The Commissioner's Plan of 1811 called for strict use of a grid in Manhattan, but Stuyvesant Street was an exception in the plan. Into the 20th century, Stuyvesant Street ran east all the way through to Second Avenue, fronting St. Mark's Church in-the-Bowery, but the portion of the street between 10th Street and Second Avenue, directly in front of the church, is now Abe Lebewohl Park. For street-pattern reasons this small plot of land had been turned into a sitting area in 1938 by the Works Progress Administration and called St. Mark’s Park, but by the 1970s it had become filthy and drug-ridden. Marilyn Appleberg, president of the 10th and Stuyvesant Streets Block Association, found that the New York City Department of Parks and Recreation was responsible for the upkeep of the property. In 1980 she, along with Beth Flusser and Abe Lebewohl, the owner of the nearby Second Avenue Deli, began a petition to save the park. On March 4, 1996, Lebewohl was shot and killed while handling a bank transaction at a neighborhood bank. That same year, the park underwent a long-awaited renovation by the Parks Department.
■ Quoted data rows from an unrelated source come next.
lemma parent:
  assumes "v \<in> V" "0 < depth v"
  shows "{parent v, v} \<in> Es" "depth (parent v) = depth v - 1"
proof -
  obtain n where "depth v = Suc n" using assms(2) gr0_conv_Suc by blast
  then have "\<exists>w. {w, v} \<in> Es \<and> depth w = depth v - 1"
    using exists_parent[OF assms(1)] by simp
  then have "{parent v, v} \<in> Es \<and> depth (parent v) = depth v - 1"
    unfolding parent_def by (rule someI_ex)
  then show "{parent v, v} \<in> Es" "depth (parent v) = depth v - 1" by blast+
qed

lemma parent_in: "v \<in> V \<Longrightarrow> 0 < depth v \<Longrightarrow> parent v \<in> V"
  using parent(1) edges_in by blast

lemma funpow_parent:
  assumes "v \<in> V" "d \<le> depth v"
  shows "(parent ^^ d) v \<in> V \<and> depth ((parent ^^ d) v) = depth v - d"
  using assms(2)
proof (induction d)
  case (Suc d)
  then show ?case using parent_in parent(2) by simp
qed (simp add: assms(1))

lemma ancestor_in: "v \<in> V \<Longrightarrow> m \<le> depth v \<Longrightarrow> ancestor v m \<in> V"
  unfolding ancestor_def using funpow_parent by simp

lemma depth_ancestor: "v \<in> V \<Longrightarrow> m \<le> depth v \<Longrightarrow> depth (ancestor v m) = m"
  unfolding ancestor_def using funpow_parent[of v "depth v - m"] by simp

lemma ancestor_depth [simp]: "ancestor v (depth v) = v"
  by (simp add: ancestor_def)

lemma ancestor_0: "v \<in> V \<Longrightarrow> ancestor v 0 = x"
  using depth_eq_0 ancestor_in depth_ancestor by simp

lemma ancestor_ancestor:
  assumes "v \<in> V" "m \<le> d" "d \<le> depth v"
  shows "ancestor (ancestor v d) m = ancestor v m"
proof -
  have "(parent ^^ (d - m)) ((parent ^^ (depth v - d)) v) = (parent ^^ (d - m + (depth v - d))) v"
    by (simp add: funpow_add)
  moreover have "d - m + (depth v - d) = depth v - m" using assms(2,3) by simp
  ultimately show ?thesis
    using depth_ancestor[OF assms(1,3)] by (simp add: ancestor_def)
qed

lemma ancestor_edge:
  assumes "v \<in> V" "m < depth v"
  shows "{ancestor v m, ancestor v (Suc m)} \<in> Es"
proof -
  define w where "w = ancestor v (Suc m)"
  have "w \<in> V" "depth w = Suc m"
    using ancestor_in depth_ancestor assms by (simp_all add: w_def Suc_leI)
  moreover have "ancestor v m = parent w"
    using ancestor_ancestor[OF assms(1), of m "Suc m"] assms(2) \<open>depth w = Suc m\<close>
    by (simp add: w_def ancestor_def)
  ultimately show ?thesis using parent(1)[of w] by (simp add: w_def)
qed

lemma walk_ancestors:
  assumes "v \<in> V" "a < b" "b \<le> depth v"
  shows "walk Es (map (ancestor v) [a..<b])"
  using assms ancestor_edge by (auto simp: walk_conv_nth)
Appleberg fought to have the name of the park changed to honor Lebewohl and she again won. In 2012, the Greenwich Village Society for Historic Preservation gave Appleberg a Village Award in recognition of her many efforts in the neighborhood.

Another section of the original street between Third and Fourth Avenues became the location of a block-wide building, 45 Fourth Avenue, built in 1960 to be part of the Cooper Union campus. This section of the street was restored in 2011-2012 as a pedestrian plaza by the construction of 51 Astor Place and new park space implemented by the Department of Transportation.

East of Second Avenue, there are still several buildings whose footprints conform to the east–west path of Stuyvesant Street. Examples include 407 East 12th Street.

==In popular culture==
- In the film The Interpreter (2005), Nicole Kidman's character lives at 10th Street and Stuyvesant, and the location is used heavily in the film.